Anyway, 2007 was a rough year for mechanical interlocking towers in the United States with two of the 4 remaining towers with mechanically operated switches being closed. HANCOCK (featured here) closed in September and GRASSELLI Tower (2 mechanical switches and open part time) closed in November. This left RIDGLEY in Springfield, IL (1 switch) and Z tower in Keyser, WV with many switches as the only two active towers with lever operated points in all of North America. Z tower later closed in 2008 and Ridgley followed in 2010 which left no mechanically worked points in North America.

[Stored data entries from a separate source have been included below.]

(* Let $m\geq 2$ and $n\geq 3$ be integers and let $M$ be the adjacency matrix of the oriented Dutch windmill graph $D^m_n$. Then the Drazin inverse of $M$ is $$M^D=\frac{1}{m}M^{n-1}.$$ Moreover, the only nonzero entries of $M^D$ are equal to $\frac1m$, and they occur precisely at the positions $(i,j)$ satisfying one of the following: (1) $i=1$ and $j=(k-1)(n-1)+n$ for some $k\in\{1,\ldots,m\}$; (2) $i=(k-1)(n-1)+2$ and $j=1$ for some $k\in\{1,\ldots,m\}$; (3) $i=(k-1)(n-1)+\ell$ and $j=i-1$ for some $k\in\{1,\ldots,m\}$ and $\ell\in\{3,\ldots,n\}$; (4) $i=(k-1)(n-1)+\ell$ and $j=(r-1)(n-1)+(\ell-1)$ for some distinct $k,r\in\{1,\ldots,m\}$ and some $\ell\in\{3,\ldots,n\}$. These positions correspond exactly to the ordered pairs of vertices $(i,j)$ such that there is a walk of length $n-1$ from $i$ to $j$ in $D^m_n$.
   Context: For integers $m\geq 1$, $n\geq 3$, the oriented Dutch windmill graph $D^m_n$ is the directed graph with vertex set $V=\{1,2,\ldots,m(n-1)+1\}$ whose directed edges $(a,b)$ are exactly: $(1,(k-1)(n-1)+2)$ for $k\in\{1,\ldots,m\}$; $((k-1)(n-1)+i,(k-1)(n-1)+i+1)$ for $k\in\{1,\ldots,m\}$ and $i\in\{2,\ldots,n-1\}$; and $((k-1)(n-1)+n,1)$ for $k\in\{1,\ldots,m\}$. (Thus it consists of $m$ directed $n$-cycles sharing the vertex $1$.) Its adjacency matrix $M=(a_{ij})$ is the real $(m(n-1)+1)\times(m(n-1)+1)$ matrix with $a_{ij}=1$ if $(i,j)$ is an edge and $a_{ij}=0$ otherwise. A walk is a sequence of vertices $\langle v_1,\ldots,v_r\rangle$ in which each $(v_t,v_{t+1})$ is an edge; its length is $r-1$. The Drazin inverse of a square matrix $A$ is the unique matrix $X$ with $A^{k+1}X=A^k$, $XAX=X$, $AX=XA$ for some nonnegative integer $k$; the least such $k$ is the Drazin index $\operatorname{ind}(A)$. *)

theory Defs
  imports "Jordan_Normal_Form.Matrix"
begin

text \<open>Oriented Dutch windmill graph D^m_n on vertices 1 .. m(n-1)+1 (1-based, as in the paper).\<close>

definition dw_nverts :: "nat \<Rightarrow> nat \<Rightarrow> nat" where
  "dw_nverts m n = m * (n - 1) + 1"

definition dw_edge :: "nat \<Rightarrow> nat \<Rightarrow> nat \<Rightarrow> nat \<Rightarrow> bool" where
  "dw_edge m n a b \<longleftrightarrow>
     (\<exists>k\<in>{1..m}. a = 1 \<and> b = (k - 1) * (n - 1) + 2)
   \<or> (\<exists>k\<in>{1..m}. \<exists>i\<in>{2..n - 1}. a = (k - 1) * (n - 1) + i \<and> b = (k - 1) * (n - 1) + i + 1)
   \<or> (\<exists>k\<in>{1..m}. a = (k - 1) * (n - 1) + n \<and> b = 1)"

definition dw_adj :: "nat \<Rightarrow> nat \<Rightarrow> real mat" where
  "dw_adj m n = mat (dw_nverts m n) (dw_nverts m n)
      (\<lambda>(i, j). if dw_edge m n (i + 1) (j + 1) then 1 else 0)"

definition dw_walk :: "nat \<Rightarrow> nat \<Rightarrow> nat \<Rightarrow> nat \<Rightarrow> nat \<Rightarrow> bool" where
  "dw_walk m n L u v \<longleftrightarrow>
     (\<exists>vs :: nat list. length vs = L + 1 \<and> vs ! 0 = u \<and> vs ! L = v \<and>
        (\<forall>t < L. dw_edge m n (vs ! t) (vs ! (t + 1))))"

definition is_drazin_inverse :: "'a::comm_ring_1 mat \<Rightarrow> 'a mat \<Rightarrow> bool" where
  "is_drazin_inverse A X \<longleftrightarrow> X \<in> carrier_mat (dim_row A) (dim_row A) \<and>
     (\<exists>k::nat. A ^\<^sub>m (k + 1) * X = A ^\<^sub>m k \<and> X * A * X = X \<and> A * X = X * A)"

definition drazin_inverse :: "'a::comm_ring_1 mat \<Rightarrow> 'a mat" where
  "drazin_inverse A = (THE X. is_drazin_inverse A X)"

end

theory Submission
  imports Defs
begin

text \<open>
  Number the vertices from 0, the hub being 0. Every other vertex has a phase in 1..n-1, its
  distance from the hub along its blade, and every edge raises the phase by one modulo n (the hub
  having phase 0); only the hub has several out-neighbours. Hence a walk of length n-1 ends one
  phase behind its start, on an arbitrary blade once it has passed the hub, which determines
  M^(n-1); a walk of length n returns to its phase, and there are m closed walks of length n at
  the hub. Multiplying the two gives M^(2n-1) = m M^(n-1). For any square matrix A with
  A^(2k+1) = c A^k and c nonzero, A^k / c satisfies the Drazin equations with index k+1, and
  Drazin inverses are unique in every monoid. Since powers of an adjacency matrix have
  nonnegative entries, their supports consist of the pairs joined by walks of the corresponding
  length.
\<close>

section \<open>Drazin inverses\<close>

lemma (in monoid) nat_pow_commute:
  assumes "a \<in> carrier G" "x \<in> carrier G" "x \<otimes> a = a \<otimes> x"
  shows "x \<otimes> a [^] (k::nat) = a [^] k \<otimes> x"
proof (induction k)
  case (Suc k)
  have "x \<otimes> a [^] Suc k = (x \<otimes> a [^] k) \<otimes> a"
    using assms by (simp add: m_assoc)
  also have "\<dots> = a [^] Suc k \<otimes> x"
    using assms by (simp add: Suc m_assoc)
  finally show ?case .
qed (use assms in simp)

lemma (in monoid) idempotent_nat_pow:
  assumes "e \<in> carrier G" "e \<otimes> e = e"
  shows "e [^] Suc (k::nat) = e"
  using assms by (induction k) (simp_all add: m_assoc)

lemma (in monoid) pow_Suc_mult_eq_mono:
  assumes "a \<in> carrier G" "z \<in> carrier G" "a [^] Suc k \<otimes> z = a [^] k" "k \<le> K"
  shows "a [^] Suc K \<otimes> z = a [^] (K::nat)"
proof -
  have "a [^] Suc K = a [^] (K - k) \<otimes> a [^] Suc k"
    using nat_pow_mult[OF assms(1), of "K - k" "Suc k"] assms(4) by (simp del: nat_pow_Suc)
  then have "a [^] Suc K \<otimes> z = a [^] (K - k) \<otimes> a [^] k"
    using assms(1-3) by (simp add: m_assoc del: nat_pow_Suc)
  then show ?thesis
    using nat_pow_mult[OF assms(1), of "K - k" k] assms(4) by simp
qed

text \<open>
  Since x a is idempotent, x = x^(K+1) a^K = a^K x^(K+1), and a^K = a^(K+1) y = y a^(K+1).
\<close>

lemma (in monoid) drazin_inverse_absorb:
  assumes a: "a \<in> carrier G" and x: "x \<in> carrier G" and y: "y \<in> carrier G"
    and x1: "a [^] Suc K \<otimes> x = a [^] (K::nat)" and x2: "x \<otimes> a \<otimes> x = x" and x3: "a \<otimes> x = x \<otimes> a"
    and y1: "a [^] Suc K \<otimes> y = a [^] K" and y3: "a \<otimes> y = y \<otimes> a"
  shows "x = x \<otimes> a \<otimes> y" and "x = y \<otimes> a \<otimes> x"
proof -
  have "(x \<otimes> a) \<otimes> (x \<otimes> a) = x \<otimes> a"
    using a x x2 by (simp flip: m_assoc)
  then have idem: "(x \<otimes> a) [^] Suc K = x \<otimes> a"
    using a x by (simp only: idempotent_nat_pow m_closed)
  have xa_pow: "(x \<otimes> a) [^] Suc K = x [^] Suc K \<otimes> a [^] Suc K"
    using a x x3 by (simp only: pow_mult_distrib)
  have ax_pow: "(x \<otimes> a) [^] Suc K = a [^] Suc K \<otimes> x [^] Suc K"
    using a x x3 by (simp only: pow_mult_distrib flip: x3)
  have "x = (x \<otimes> a) [^] Suc K \<otimes> x"
    using idem x2 by simp
  also have "\<dots> = x [^] Suc K \<otimes> a [^] K"
    using a x by (simp only: xa_pow m_assoc x1 nat_pow_closed)
  also have "\<dots> = (x \<otimes> a) [^] Suc K \<otimes> y"
    using a x y by (simp only: xa_pow m_assoc y1 nat_pow_closed)
  finally show "x = x \<otimes> a \<otimes> y"
    by (simp only: idem)
  have "x = x \<otimes> (a \<otimes> x)"
    using a x x2 by (simp add: m_assoc)
  also have "\<dots> = x \<otimes> (x \<otimes> a) [^] Suc K"
    by (simp only: idem x3)
  also have "\<dots> = (x \<otimes> a [^] Suc K) \<otimes> x [^] Suc K"
    using a x by (simp only: ax_pow m_assoc nat_pow_closed)
  also have "x \<otimes> a [^] Suc K = a [^] K"
    using a x by (simp only: nat_pow_commute x3 x1)
  also have "a [^] K = y \<otimes> a [^] Suc K"
    using a y by (simp only: nat_pow_commute y3 y1)
  also have "y \<otimes> a [^] Suc K \<otimes> x [^] Suc K = y \<otimes> (x \<otimes> a) [^] Suc K"
    using a x y by (simp only: ax_pow m_assoc nat_pow_closed)
  finally show "x = y \<otimes> a \<otimes> x"
    using a x y by (simp only: idem m_assoc x3)
qed

lemma (in monoid) drazin_inverse_unique:
  assumes a: "a \<in> carrier G" and x: "x \<in> carrier G" and y: "y \<in> carrier G"
    and x1: "a [^] Suc k \<otimes> x = a [^] (k::nat)" and x2: "x \<otimes> a \<otimes> x = x" and x3: "a \<otimes> x = x \<otimes> a"
    and y1: "a [^] Suc j \<otimes> y = a [^] (j::nat)" and y2: "y \<otimes> a \<otimes> y = y" and y3: "a \<otimes> y = y \<otimes> a"
  shows "x = y"
proof -
  have xK: "a [^] Suc (k + j) \<otimes> x = a [^] (k + j)" and yK: "a [^] Suc (k + j) \<otimes> y = a [^] (k + j)"
    using pow_Suc_mult_eq_mono[OF a x x1] pow_Suc_mult_eq_mono[OF a y y1] by simp_all
  have "x = x \<otimes> a \<otimes> y"
    by (rule drazin_inverse_absorb(1)[OF a x y xK x2 x3 yK y3])
  also have "\<dots> = y"
    by (rule drazin_inverse_absorb(2)[OF a y x yK y2 y3 xK x3, symmetric])
  finally show ?thesis .
qed

lemma pow_mat_add:
  fixes A :: "'a::semiring_1 mat"
  assumes "A \<in> carrier_mat N N"
  shows "A ^\<^sub>m (i + j) = A ^\<^sub>m i * A ^\<^sub>m j"
proof -
  interpret semiring "ring_mat TYPE('a) N ()"
    by (rule semiring_mat)
  show ?thesis
    using nat_pow_mult[of A i j] assms by (simp add: ring_mat_simps flip: pow_mat_ring_pow[OF assms])
qed

lemma drazin_inverse_mat_unique:
  fixes A X Y :: "'a::semiring_1 mat"
  assumes A: "A \<in> carrier_mat N N" and "X \<in> carrier_mat N N" "Y \<in> carrier_mat N N"
    and "A ^\<^sub>m Suc k * X = A ^\<^sub>m k" "X * A * X = X" "A * X = X * A"
    and "A ^\<^sub>m Suc j * Y = A ^\<^sub>m j" "Y * A * Y = Y" "A * Y = Y * A"
  shows "X = Y"
proof -
  interpret semiring "ring_mat TYPE('a) N ()"
    by (rule semiring_mat)
  show ?thesis
    using assms drazin_inverse_unique[of A X Y k j]
    by (simp add: ring_mat_simps flip: pow_mat_ring_pow[OF A])
qed

lemma drazin_inverse_eqI:
  fixes A X :: "'a::comm_ring_1 mat"
  assumes A: "A \<in> carrier_mat N N" and X: "is_drazin_inverse A X"
  shows "drazin_inverse A = X"
  unfolding drazin_inverse_def
proof (rule the_equality[where P = "is_drazin_inverse A", OF X])
  fix Y
  assume "is_drazin_inverse A Y"
  with A X show "Y = X"
    unfolding is_drazin_inverse_def by (auto intro: drazin_inverse_mat_unique[OF A])
qed

lemma is_drazin_inverse_smult_pow:
  fixes A :: "'a::field mat"
  assumes A: "A \<in> carrier_mat N N" and c: "c \<noteq> 0" and pow: "A ^\<^sub>m (2 * k + 1) = c \<cdot>\<^sub>m A ^\<^sub>m k"
  shows "is_drazin_inverse A ((1 / c) \<cdot>\<^sub>m A ^\<^sub>m k)"
proof -
  let ?X = "(1 / c) \<cdot>\<^sub>m A ^\<^sub>m k"
  have Ak: "A ^\<^sub>m i \<in> carrier_mat N N" for i
    using A by simp
  have pow_mult: "A ^\<^sub>m i * ?X = (1 / c) \<cdot>\<^sub>m A ^\<^sub>m (i + k)" for i
    by (simp add: mult_smult_distrib[OF Ak Ak] pow_mat_add[OF A])
  have cancel: "(1 / c) \<cdot>\<^sub>m (c \<cdot>\<^sub>m B) = B" for B :: "'a mat"
    using c by (intro eq_matI) auto
  have "A ^\<^sub>m (Suc (k + 1)) * ?X = (1 / c) \<cdot>\<^sub>m (A ^\<^sub>m (2 * k + 1) * A)"
    unfolding pow_mult by (simp add: mult_2 add.assoc)
  also have "\<dots> = (1 / c) \<cdot>\<^sub>m ((c \<cdot>\<^sub>m A ^\<^sub>m k) * A)"
    by (simp only: pow)
  also have "\<dots> = A ^\<^sub>m (k + 1)"
    by (simp add: mult_smult_assoc_mat[OF Ak A] cancel)
  finally have index: "A ^\<^sub>m (Suc (k + 1)) * ?X = A ^\<^sub>m (k + 1)" .
  have XA: "?X * A = (1 / c) \<cdot>\<^sub>m A ^\<^sub>m (k + 1)"
    using A by (simp add: mult_smult_assoc_mat[OF Ak A])
  have AX: "A * ?X = (1 / c) \<cdot>\<^sub>m A ^\<^sub>m (k + 1)"
    using pow_mult[of 1] A by (simp add: add.commute)
  have "?X * A * ?X = (1 / c) \<cdot>\<^sub>m (A ^\<^sub>m (k + 1) * ?X)"
    unfolding XA by (rule mult_smult_assoc_mat[OF Ak smult_carrier_mat[OF Ak]])
  also have "A ^\<^sub>m (k + 1) * ?X = (1 / c) \<cdot>\<^sub>m A ^\<^sub>m (2 * k + 1)"
    unfolding pow_mult by (simp add: mult_2)
  finally have XAX: "?X * A * ?X = ?X"
    by (simp only: pow cancel)
  show ?thesis
    unfolding is_drazin_inverse_def using A index XA AX XAX by (auto intro!: exI[of _ "k + 1"])
qed

section \<open>Walks and powers of adjacency matrices\<close>

lemma index_mult_mat_sum:
  assumes "B \<in> carrier_mat N N" "C \<in> carrier_mat N N" "a < N" "b < N"
  shows "(B * C) $$ (a, b) = (\<Sum>x<N. B $$ (a, x) * C $$ (x, b))"
  using assms by (auto simp: scalar_prod_def lessThan_atLeast0 intro!: sum.cong)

Hancock (or HO) tower was one of a string of towers along the former B&O main line between Washington and Pittsburgh, now operated by CSX. For the longest time CSX had been rather opposed to capital investment and as the year 2000 approached this ~300 mile segment of main line was still mostly single directional and hosted 7 active towers along its route, 3 being purely mechanical. In fact the segment up the Sand Patch grade between Cumbermand, MD and Connelsville, PA had the last operating Morse code telegraph line in the country, in use until about 1986.
The towers from east to west were WB (US&S Model 14, pneumatic plant with relay machines for remote interlockings), NA Cabin in Martinsburg, WV (GRS panel relay machines), W tower at West Cumbo (GRS Model 2 pistol grip), R Tower at Miller, WV (mechanical), HO tower at Hancock, WV (mechanical), Hyndman tower (mechanical, simple crossover), SA Tower at Sand Patch, PA (GRS Model 2 pistol Grip) and VI Tower at Connelsville (Relay CTC machine in yard office). Today only WB remains open, VI having closed in 2009.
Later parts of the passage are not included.